[Stored records]
(* Let $X$ be a real Banach space, $A$ a non-empty subset of $X$, and $F_1,F_2$ non-empty closed bounded subsets of $X$. (1) Suppose $r(F_1,x)>r(F_2,x)$ for each $x\in A$. If $F_1$ is remotal (respectively uniquely remotal, strongly remotal, SUR, sup-compact) on $A$, then $F_1\cup F_2$ is remotal (respectively uniquely remotal, strongly remotal, SUR, sup-compact) on $A$. If in addition $\inf\{r(F_1,x)-r(F_2,x):x\in A\}>0$ and $F_1$ is USUR on $A$, then $F_1\cup F_2$ is USUR on $A$. (2) If $r(F_1,x)=r(F_2,x)$ for each $x\in A$ and $F_1,F_2$ are both sup-compact (respectively strongly remotal, remotal) on $A$, then $F_1\cup F_2$ is sup-compact (respectively strongly remotal, remotal) on $A$.
   Context: $B_X$ is the closed unit ball. For non-empty bounded $F$, $x\in X$, $\delta\ge0$: $r(F,x)=\sup_{y\in F}\|x-y\|$, $Q_F(x,\delta)=\{y\in F:\|x-y\|\ge r(F,x)-\delta\}$, $Q_F(x)=Q_F(x,0)$. On a set $A$, $F$ is: remotal if $Q_F(x)\neq\emptyset$ for each $x\in A$; uniquely remotal if $Q_F(x)$ is a singleton for each $x\in A$; strongly remotal if for every $x\in A$ and $\epsilon>0$ there is $\delta>0$ with $Q_F(x,\delta)\subseteq Q_F(x)+\epsilon B_X$; SUR if both uniquely remotal and strongly remotal; USUR if uniquely remotal and for every $\epsilon>0$ there is $\delta>0$ with $Q_F(x,\delta)\subseteq Q_F(x)+\epsilon B_X$ for all $x\in A$; sup-compact if for each $x\in A$ every sequence $(y_n)$ in $F$ with $\|x-y_n\|\to r(F,x)$ has a subsequence converging to an element of $F$. *)

theory Defs
  imports "HOL-Analysis.Analysis"
begin

definition farthest_dist :: "'a::real_normed_vector set \<Rightarrow> 'a \<Rightarrow> real" where
  "farthest_dist F x = (SUP y\<in>F. norm (x - y))"
lemma xi_le: "\<xi> \<le> real M * \<epsilon> + 2"
  using nu_le eps_nonneg by (simp add: mult_right_mono)

lemma tau_antimono: "i \<le> j \<Longrightarrow> j < N \<Longrightarrow> \<tau> j \<le> \<tau> i"
  by (rule nth_largest_dist_antimono)

lemma tau_nonneg: "i < N \<Longrightarrow> 0 \<le> \<tau> i"
  by (rule nth_largest_dist_nonneg)

lemma tau_less: "i < N \<Longrightarrow> \<tau> i < \<Lambda>"
  using nth_largest_dist_less[OF roots_in_ball root] .

lemma tau_le_L: "i < N \<Longrightarrow> \<tau> i \<le> L i"
  using nth_largest_dist_le_cluster_scale[OF root] .

lemma L_le_tau: "i < N \<Longrightarrow> L i \<le> 2 * \<tau> i"
  using cluster_scale_le_nth_largest_dist[OF root] .

text \<open>The three shapes of \<open>\<Phi>\<close>, according to where \<open>F\<close> peaks: at the top scale \<open>\<Lambda>\<close>
  (\<open>k\<^sub>\<nu> = -1\<close>), at \<open>\<tau> k\<close> for \<open>k = k\<^sub>\<nu>\<close>, or nowhere, when \<open>\<tau> k = 0\<close> because \<open>N - k\<close>
  roots coincide with \<open>a\<close>.\<close>
lemma Phi_cases:
  obtains (top) "real N * \<delta> < \<xi>" "\<eta> \<le> \<xi> - real N * \<delta>" "\<Phi> = exp ((real N * \<delta> - \<xi>) * ln \<Lambda>)"
  | (cluster) k where "k < N" "0 < \<tau> k" "\<eta> \<le> \<xi> - (real N - real k - 1) * \<delta>"
      "\<eta> \<le> (real N - real k) * \<delta> - \<xi>"
      "\<Phi> = exp (((real N - real k) * \<delta> - \<xi>) * ln (L k) + \<delta> * (\<Sum>i<k. ln (L i)))"
  | (degenerate) k where "k < N" "\<tau> k = 0" "\<eta> \<le> (real N - real k) * \<delta> - \<xi>" "\<Phi> = 0"
proof (cases "real N * \<delta> < \<xi>")
  case True
  then show ?thesis
    using top margin[of N] Phi_top[OF True] radius_pos by (simp add: powr_def mult.commute)
next
  case False
  have "\<xi> - real j * \<delta> \<noteq> 0" if "j \<le> N" for j
    using margin[OF that] margin_pos by auto
  then obtain k where k: "k < N" "(real N - real k - 1) * \<delta> < \<xi>" "\<xi> < (real N - real k) * \<delta>"
    using exists_k_index[OF delta_nonneg eps_nonneg False] by blast
  have "0 < \<delta>" using k(3) xi_nonneg delta_nonneg by (cases "\<delta> = 0") auto
  then have k_index: "k_index \<epsilon> \<delta> N \<nu> = int k" using k by (rule k_index_eq)
  have "\<eta> \<le> \<bar>\<xi> - real (N - k - 1) * \<delta>\<bar>" "\<eta> \<le> \<bar>\<xi> - real (N - k) * \<delta>\<bar>"
    by (intro margin; simp)+
  moreover have "real (N - k - 1) = real N - real k - 1" "real (N - k) = real N - real k"
    using k(1) by (simp_all add: of_nat_diff)
  ultimately have "\<eta> \<le> \<bar>\<xi> - (real N - real k - 1) * \<delta>\<bar>" "\<eta> \<le> \<bar>\<xi> - (real N - real k) * \<delta>\<bar>"
    by (simp_all only:)
  then have margins: "\<eta> \<le> \<xi> - (real N - real k - 1) * \<delta>" "\<eta> \<le> (real N - real k) * \<delta> - \<xi>"
    using k(2,3) by (simp_all add: abs_of_pos abs_of_neg)
  show ?thesis
  proof (cases "\<tau> k = 0")
    case True
    then have "L k = 0" using tau_le_L[OF k(1)] L_le_tau[OF k(1)] by simp
    then have "\<Phi> = 0" unfolding k_index using k(3) by (rule Phi_eq_0)
    then show ?thesis by (rule degenerate[OF k(1) True margins(2)])
  next
    case False
    then have "0 < \<tau> k" using tau_nonneg[OF k(1)] by simp
    have "0 < L i" if "i \<le> k" for i
      using tau_antimono[OF that k(1)] tau_le_L[of i] that k(1) \<open>0 < \<tau> k\<close> by simp
    then have "\<Phi> = exp (((real N - real k) * \<delta> - \<xi>) * ln (L k) + \<delta> * (\<Sum>i<k. ln (L i)))"
      unfolding k_index by (rule Phi_eq_exp)
    with \<open>0 < \<tau> k\<close> show ?thesis by (rule cluster[OF k(1) _ margins])
  qed
qed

What is needed
What you return should be exactly the lines above, starting at the one with "j \<Longrightarrow> j" and ending at the one with "N \<Longrightarrow> \<tau> i \<le>", and nothing else.

Result of the exercise
lemma tau_antimono: "i \<le> j \<Longrightarrow> j < N \<Longrightarrow> \<tau> j \<le> \<tau> i"
  by (rule nth_largest_dist_antimono)

lemma tau_nonneg: "i < N \<Longrightarrow> 0 \<le> \<tau> i"
  by (rule nth_largest_dist_nonneg)

lemma tau_less: "i < N \<Longrightarrow> \<tau> i < \<Lambda>"
  using nth_largest_dist_less[OF roots_in_ball root] .

lemma tau_le_L: "i < N \<Longrightarrow> \<tau> i \<le> L i"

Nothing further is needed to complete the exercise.